Version-Release number of selected component (if applicable):
Ubuntu 14.04.3 LTS
glusterfs-server                    3.7.5-ubuntu1~trusty1
glusterfs-client                    3.7.5-ubuntu1~trusty1
glusterfs-common                    3.7.5-ubuntu1~trusty1
libssl1.0.0:amd64                   1.0.1f-1ubuntu2.15

How reproducible:
Setup: 
Two nodes, two bricks, replica 2
server.ssl: on; client.ssl: on; auth.ssl-allow *; ssl.cipher-list HIGH:!SSLv2

Steps to Reproduce:
1. pkill -f gluster on node1
2. look at glustershd.log of node2, "error in polling loop"

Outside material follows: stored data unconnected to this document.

lemma expectation_HLB_gain_uniform_suffix:
  assumes V: "unary_unbiased n V" and n: "n = 2*m + 2 + k" and "even k"
  shows "measure_pmf.expectation
           (map_pmf ((@) (replicate (2*m) True @ [False, False])) (pmf_of_set {s. length s = k})
              \<bind> (\<lambda>x. map_pmf (\<lambda>y. (x, y)) (V x)))
           (\<lambda>(x, y). HLB_gain \<delta> n x y)
       = (\<Sum>t | length t = k. HLB \<delta> n (replicate (2*m + 2) True @ t) - 2*m)
         * (\<Sum>d | length d = k.
              pmf (V (replicate n False)) (replicate (2*m) False @ [True, True] @ d))
         / 2 ^ k"
proof -
  define S where "S = {s :: bool list. length s = k}"
  define pre where "pre = replicate (2*m) True @ [False, False]"
  define H where "H t = HLB \<delta> n (replicate (2*m + 2) True @ t) - 2*m" for t
  define q where
    "q d = pmf (V (replicate n False)) (replicate (2*m) False @ [True, True] @ d)" for d
  have "replicate k False \<in> S" by (simp add: S_def)
  then have "S \<noteq> {}" by blast
  have "finite (set_pmf (V (pre @ s)))" if "s \<in> S" for s
    using V that n unfolding unary_unbiased_def
    by (intro finite_subset[OF _ finite_bool_lists[of n]]) (simp add: S_def pre_def)
  then have "measure_pmf.expectation (pmf_of_set S \<bind> (\<lambda>s. map_pmf (\<lambda>y. (pre @ s, y)) (V (pre @ s))))
        (\<lambda>(x, y). HLB_gain \<delta> n x y)
      = (\<Sum>s\<in>S. measure_pmf.expectation (V (pre @ s)) (HLB_gain \<delta> n (pre @ s))) / card S"
    using \<open>S \<noteq> {}\<close>
    by (subst pmf_expectation_bind_pmf_of_set)
      (simp_all add: S_def sum_distrib_left divide_inverse_commute)
  also have "\<dots> = (\<Sum>s\<in>S. \<Sum>t\<in>S. H t * q (xor_bits t s)) / 2 ^ k"
    using expectation_HLB_gain_from_odd_level[OF V n \<open>even k\<close>]
    by (simp add: S_def pre_def H_def q_def card_bool_lists)
  also have "\<dots> = (\<Sum>t\<in>S. H t * (\<Sum>s\<in>S. q (xor_bits t s))) / 2 ^ k"
    by (subst sum.swap) (simp add: sum_distrib_left)
  also have "\<dots> = (\<Sum>t\<in>S. H t) * (\<Sum>d\<in>S. q d) / 2 ^ k"
    by (simp add: S_def sum_bool_lists_xor_bits sum_distrib_right)
  finally show ?thesis
    by (simp add: bind_map_pmf S_def pre_def H_def q_def)
qed
definition mnorm :: "nat \<Rightarrow> rat \<Rightarrow> real" where
  "mnorm m r = (if r = 0 then 0
     else 1 / real m ^ (GREATEST k. (int m) ^ k dvd fst (quotient_of r)))"

definition mcauchy :: "nat \<Rightarrow> (nat \<Rightarrow> rat) \<Rightarrow> bool" where
  "mcauchy m X \<longleftrightarrow> (\<forall>n. X n \<in> Dm m) \<and>
     (\<forall>e>0. \<exists>N. \<forall>i\<ge>N. \<forall>j\<ge>N. mnorm m (X i - X j) < e)"

definition Qm_class :: "nat \<Rightarrow> (nat \<Rightarrow> rat) \<Rightarrow> (nat \<Rightarrow> rat) set" where
  "Qm_class m X = {Y. mcauchy m Y \<and> (\<lambda>n. mnorm m (X n - Y n)) \<longlonglongrightarrow> 0}"

definition Qm :: "nat \<Rightarrow> (nat \<Rightarrow> rat) set set" where
  "Qm m = Qm_class m ` {X. mcauchy m X}"

definition Qm_of :: "nat \<Rightarrow> rat \<Rightarrow> (nat \<Rightarrow> rat) set" where
  "Qm_of m r = Qm_class m (\<lambda>_. r)"

definition Qm_dist :: "nat \<Rightarrow> (nat \<Rightarrow> rat) set \<Rightarrow> (nat \<Rightarrow> rat) set \<Rightarrow> real" where
  "Qm_dist m a b = lim (\<lambda>n. mnorm m ((SOME X. X \<in> a) n - (SOME Y. Y \<in> b) n))"

end

theory Submission
  imports Defs
begin

text \<open>Write \<open>r = m/(m+1)\<close>; it lies in \<open>m D\<^sub>m\<close>. Every \<open>x \<in> D\<^sub>m\<close> is congruent modulo \<open>m\<close> to a unique
  digit \<open>d \<in> {0..m-1}\<close>, and \<open>x = d + r T x\<close> with \<open>T x \<in> D\<^sub>m\<close>. Iterating, \<open>x\<close> minus the \<open>n\<close>-th partial sum of
  its digit series is \<open>r\<^sup>n T\<^sup>n x \<in> m\<^sup>n D\<^sub>m\<close>, and elements congruent modulo \<open>m\<^sup>n\<close> have the same first \<open>n\<close>
  digits. For \<open>q \<in> \<rat>\<^sub>m\<close> given by a Cauchy sequence, the first \<open>n\<close> digits of its terms are eventually
  constant; the limiting digits form a series converging to \<open>q\<close>. Conversely, a digit series
  reproduces its own digits, so two digit series with the same limit agree modulo every \<open>m\<^sup>k\<^sup>+\<^sup>1\<close>
  and hence have the same \<open>k\<close>-th digit.\<close>

section \<open>Divisibility by powers of \<open>m\<close> in \<open>D\<^sub>m\<close>\<close>

text \<open>\<open>mpow_dvd m k x\<close> means \<open>x \<in> m\<^sup>k D\<^sub>m\<close>.\<close>
definition mpow_dvd :: "nat \<Rightarrow> nat \<Rightarrow> rat \<Rightarrow> bool" where
  "mpow_dvd m k x \<longleftrightarrow>
     (\<exists>a b. b > 0 \<and> coprime b (int m) \<and> x = of_int a / of_int b \<and> int m ^ k dvd a)"

abbreviation ratio :: "nat \<Rightarrow> rat" where
  "ratio m \<equiv> of_nat m / (of_nat m + 1)"

lemma mpow_dvd_mono: "mpow_dvd m k x \<Longrightarrow> j \<le> k \<Longrightarrow> mpow_dvd m j x"
  unfolding mpow_dvd_def using le_imp_power_dvd dvd_trans by blast

lemma mpow_dvd_add:
  assumes "mpow_dvd m k x" "mpow_dvd m k y"
  shows "mpow_dvd m k (x + y)"
proof -
  obtain a b c d where
    "b > 0" "coprime b (int m)" "x = of_int a / of_int b" "int m ^ k dvd a"
    "d > 0" "coprime d (int m)" "y = of_int c / of_int d" "int m ^ k dvd c"
    using assms unfolding mpow_dvd_def by blast
  then show ?thesis
    unfolding mpow_dvd_def
    by (intro exI[of _ "a * d + c * b"] exI[of _ "b * d"]) (simp add: add_frac_eq)
qed
lemma comm_group_prufer: "comm_group (prufer p)"
proof (rule comm_groupI)
  fix x y assume "x \<in> carrier (prufer p)" "y \<in> carrier (prufer p)"
  then obtain k l where "x * of_nat (p ^ k) \<in> \<int>" "y * of_nat (p ^ l) \<in> \<int>"
    by (auto simp: carrier_prufer)
  hence "x * of_nat (p ^ (k + l)) \<in> \<int>" "y * of_nat (p ^ (k + l)) \<in> \<int>"
    using Ints_mult_power_mono by auto
  hence "(x + y) * of_nat (p ^ (k + l)) \<in> \<int>" by (simp add: distrib_right)
  thus "x \<otimes>\<^bsub>prufer p\<^esub> y \<in> carrier (prufer p)" by (simp add: frac_in_carrier_prufer)
next
  fix x assume "x \<in> carrier (prufer p)"
  then obtain k where "x * of_nat (p ^ k) \<in> \<int>" by (auto simp: carrier_prufer)
  hence "(- x) * of_nat (p ^ k) \<in> \<int>" by (metis Ints_minus minus_mult_left)
  hence "frac (- x) \<in> carrier (prufer p)" by (rule frac_in_carrier_prufer)
  moreover have "frac (- x) \<otimes>\<^bsub>prufer p\<^esub> x = \<one>\<^bsub>prufer p\<^esub>" by simp
  ultimately show "\<exists>y\<in>carrier (prufer p). y \<otimes>\<^bsub>prufer p\<^esub> x = \<one>\<^bsub>prufer p\<^esub>" by blast
next
  fix x y z :: rat
  show "x \<otimes>\<^bsub>prufer p\<^esub> y \<otimes>\<^bsub>prufer p\<^esub> z = x \<otimes>\<^bsub>prufer p\<^esub> (y \<otimes>\<^bsub>prufer p\<^esub> z)"
    by (simp add: add.assoc)
next
  fix x y :: rat
  show "x \<otimes>\<^bsub>prufer p\<^esub> y = y \<otimes>\<^bsub>prufer p\<^esub> x" by (simp add: add.commute)
qed (auto simp: carrier_prufer intro: exI[of _ 0])

lemma nat_pow_prufer:
  "x \<in> carrier (prufer p) \<Longrightarrow> x [^]\<^bsub>prufer p\<^esub> (n::nat) = frac (of_nat n * x)"
  by (induction n) (simp_all add: algebra_simps)

lemma (in comm_monoid) nat_pow_hom: "(\<lambda>x. x [^] (n::nat)) \<in> hom G G"
  by (rule homI) (simp_all add: nat_pow_distrib)

lemma nat_pow_prufer_surj:
  assumes "p > 0"
  shows "(\<lambda>x. x [^]\<^bsub>prufer p\<^esub> (p ^ j)) ` carrier (prufer p) = carrier (prufer p)"
proof (intro equalityI subsetI)
  fix y assume "y \<in> (\<lambda>x. x [^]\<^bsub>prufer p\<^esub> (p ^ j)) ` carrier (prufer p)"
  thus "y \<in> carrier (prufer p)"
    using comm_group.axioms(2)[OF comm_group_prufer] by (auto intro: group.is_monoid monoid.nat_pow_closed)
next
  fix y assume y: "y \<in> carrier (prufer p)"
  then obtain k where k: "y * of_nat (p ^ k) \<in> \<int>" and y01: "0 \<le> y" "y < 1"
    by (auto simp: carrier_prufer)
  have pj: "(of_nat (p ^ j) :: rat) \<ge> 1" using assms by simp
  define x where "x = y / of_nat (p ^ j)"
  have "x * of_nat (p ^ (k + j)) = y * of_nat (p ^ k)"
    using assms by (simp add: x_def power_add)
  moreover have "0 \<le> x" "x < 1" using y01 pj by (simp_all add: x_def divide_less_eq)
  ultimately have "x \<in> carrier (prufer p)" using k unfolding carrier_prufer by metis
  moreover have "frac (of_nat (p ^ j) * x) = y" using assms y01 by (simp add: x_def)
  ultimately show "y \<in> (\<lambda>x. x [^]\<^bsub>prufer p\<^esub> (p ^ j)) ` carrier (prufer p)"
    by (metis image_eqI nat_pow_prufer)
qed

lemma frac_multiple_eq:
  fixes a d P :: int
  assumes "coprime a P" "P > 0"
  obtains n :: nat where "frac (of_nat n * (of_int a / of_int P)) = frac (of_int d / of_int P :: rat)"
proof -
  obtain u v where uv: "u * a + v * P = 1"
    using bezout_int[of a P] assms(1) by (auto simp: coprime_iff_gcd_eq_1)
  define n where "n = nat ((u * d) mod P)"
  define w where "w = - (d * v + (u * d) div P * a)"
  have na: "int n * a = d + P * w"
  proof -
    have "int n = (u * d) mod P" using assms(2) by (simp add: n_def)
    also have "\<dots> = u * d - P * ((u * d) div P)" by (metis minus_div_mult_eq_mod mult.commute)
    finally have n: "int n = u * d - P * ((u * d) div P)" .
    have "int n * a = d * (u * a) - P * ((u * d) div P) * a"
      unfolding n by (simp add: algebra_simps)
    also have "u * a = 1 - v * P" using uv by simp
    finally show ?thesis by (simp add: w_def algebra_simps)
  qed
  have "of_nat n * (of_int a / of_int P) = (of_int (int n * a) / of_int P :: rat)" by simp
  also have "\<dots> = of_int (d + P * w) / of_int P" by (simp only: na)
  also have "\<dots> = of_int d / of_int P + of_int w" using assms(2) by (simp add: field_simps)
  finally have "frac (of_nat n * (of_int a / of_int P)) = frac (of_int d / of_int P :: rat)"
    by (simp only: frac_add_of_int_right)
  thus thesis by (rule that)
qed

lemma prufer_exact_denominator:
  assumes p: "Factorial_Ring.prime (p::nat)" and b: "b \<in> carrier (prufer p)" and bk: "b * of_nat (p ^ k) \<notin> \<int>"
  obtains m a where "k < m" "b * of_nat (p ^ m) = of_int a" "coprime a (int p ^ m)"
proof -
  have ex: "\<exists>m. b * of_nat (p ^ m) \<in> \<int>" using b by (auto simp: carrier_prufer)
  define m where "m = (LEAST m. b * of_nat (p ^ m) \<in> \<int>)"
  have bm: "b * of_nat (p ^ m) \<in> \<int>" unfolding m_def using ex by (rule LeastI_ex)
  have km: "k < m"
    using Ints_mult_power_mono[OF bm, of k] bk by (cases "m \<le> k") auto
  then obtain m' where m': "m = Suc m'" by (cases m) auto
  from bm obtain a where a: "b * of_nat (p ^ m) = of_int a" by (auto elim: Ints_cases)
  have "\<not> int p dvd a"
  proof
    assume "int p dvd a"
    then obtain a' where "a = int p * a'" by (auto elim: dvdE)
    with a m' p have "b * of_nat (p ^ m') = of_int a'"
      by (simp add: algebra_simps prime_gt_0_nat)
    hence "b * of_nat (p ^ m') \<in> \<int>" by simp
    with not_less_Least[of m' "\<lambda>m. b * of_nat (p ^ m) \<in> \<int>"] m' show False
      by (simp add: m_def)
  qed
  hence "coprime a (int p ^ m)"
    using p by (metis prime_nat_int_transfer prime_imp_power_coprime)
  with km a show thesis by (rule that)
qed

lemma prufer_multiple_hits:
  assumes p: "Factorial_Ring.prime (p::nat)"
    and b: "b \<in> carrier (prufer p)" and bk: "b * of_nat (p ^ k) \<notin> \<int>"
    and y: "y \<in> carrier (prufer p)" and yk: "y * of_nat (p ^ k) \<in> \<int>"
  obtains n :: nat where "frac (of_nat n * b) = y"
proof -
  obtain m a where km: "k < m" and a: "b * of_nat (p ^ m) = of_int a"
    and cop: "coprime a (int p ^ m)"
    using prufer_exact_denominator[OF p b bk] .
  have "y * of_nat (p ^ m) \<in> \<int>" using Ints_mult_power_mono[OF yk] km by simp
  then obtain d where d: "y * of_nat (p ^ m) = of_int d" by (auto elim: Ints_cases)
  have P: "int p ^ m > 0" using p by (simp add: prime_gt_0_nat)
  have "b = of_int a / of_int (int p ^ m)" "y = of_int d / of_int (int p ^ m)"
    using a d P by (simp_all add: eq_divide_eq)
  moreover obtain n :: nat where
    "frac (of_nat n * (of_int a / of_int (int p ^ m))) = frac (of_int d / of_int (int p ^ m) :: rat)"
    using frac_multiple_eq[OF cop P] .
  moreover have "frac y = y" using y by (simp add: carrier_prufer)
  ultimately show thesis using that by metis
qed

lemma proper_subgroup_prufer_bounded:
  assumes p: "Factorial_Ring.prime (p::nat)"
    and B: "subgroup B (prufer p)" and ne: "B \<noteq> carrier (prufer p)"
  obtains j where "\<forall>b\<in>B. b * of_nat (p ^ j) \<in> \<int>"
proof (rule ccontr)
  assume unbounded: "\<not> thesis"
  have "carrier (prufer p) \<subseteq> B"
  proof
    fix y assume y: "y \<in> carrier (prufer p)"
    then obtain k where yk: "y * of_nat (p ^ k) \<in> \<int>" by (auto simp: carrier_prufer)
    from unbounded that obtain b where b: "b \<in> B" "b * of_nat (p ^ k) \<notin> \<int>" by blast
    have bc: "b \<in> carrier (prufer p)" using subgroup.subset[OF B] b(1) by blast
    obtain n :: nat where "frac (of_nat n * b) = y"
      using prufer_multiple_hits[OF p bc b(2) y yk] .
    moreover have "b [^]\<^bsub>prufer p\<^esub> n \<in> B"
      using group.subgroup_int_pow_closed[OF _ B b(1), of "int n"] comm_group_prufer
      by (simp add: int_pow_int comm_group.axioms(2))
    ultimately show "y \<in> B" using nat_pow_prufer[OF bc] by simp
  qed
  with subgroup.subset[OF B] ne show False by blast
qed

section \<open>Pruefer sections of extensions\<close>

lemma (in comm_group) subgroup_imp_comm_group:
  assumes "subgroup H G"
  shows "comm_group (G\<lparr>carrier := H\<rparr>)"
  by (rule group.group_comm_groupI[OF subgroup_imp_group[OF assms]])
    (use assms in \<open>auto intro: m_comm dest: subgroup.mem_carrier\<close>)

text \<open>A section \<open>H/K \<cong> \<int>\<^sub>p\<^sub>\<infinity>\<close> is the same as a subgroup \<open>H\<close> with an epimorphism onto \<open>\<int>\<^sub>p\<^sub>\<infinity>\<close>;
  the set \<open>S\<close> bounds where \<open>H\<close> may lie.\<close>

definition has_prufer_section_in :: "('m, 'd) monoid_scheme \<Rightarrow> 'm set \<Rightarrow> nat \<Rightarrow> bool" where
  "has_prufer_section_in M S p \<longleftrightarrow>
     (\<exists>H q. subgroup H M \<and> H \<subseteq> S \<and> q \<in> hom (M\<lparr>carrier := H\<rparr>) (prufer p) \<and>
        q ` H = carrier (prufer p))"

After restart everything works fine:
3. pkill -f gluster on node2
4. restart gluster on both nodes
5. -> reconnection works and healing starts

Actual results:
No reconnect, no healing, error msg in log every few seconds. No outgoing SYN packets.

Expected results:
Reconnect, healing

Speculation (almost 100%):
As it only happens with SSL and when 0-gv0-client-3 and 0-gv0-client-0 try to reconnect simultaneously: Race-condition in SSL handling? https://bugzilla.redhat.com/show_bug.cgi?id=906763

Additional info:
Already talked to JoeJulian on #gluster.

Comment 1 Kaushal 2017-03-08 10:51:41 UTC
This bug is getting closed because GlusteFS-3.7 has reached its end-of-life.

Note: This bug is being closed using a script. No verification has been performed to check if it still exists on newer releases of GlusterFS.
If this bug still exists in newer GlusterFS releases, please reopen this bug against the newer release.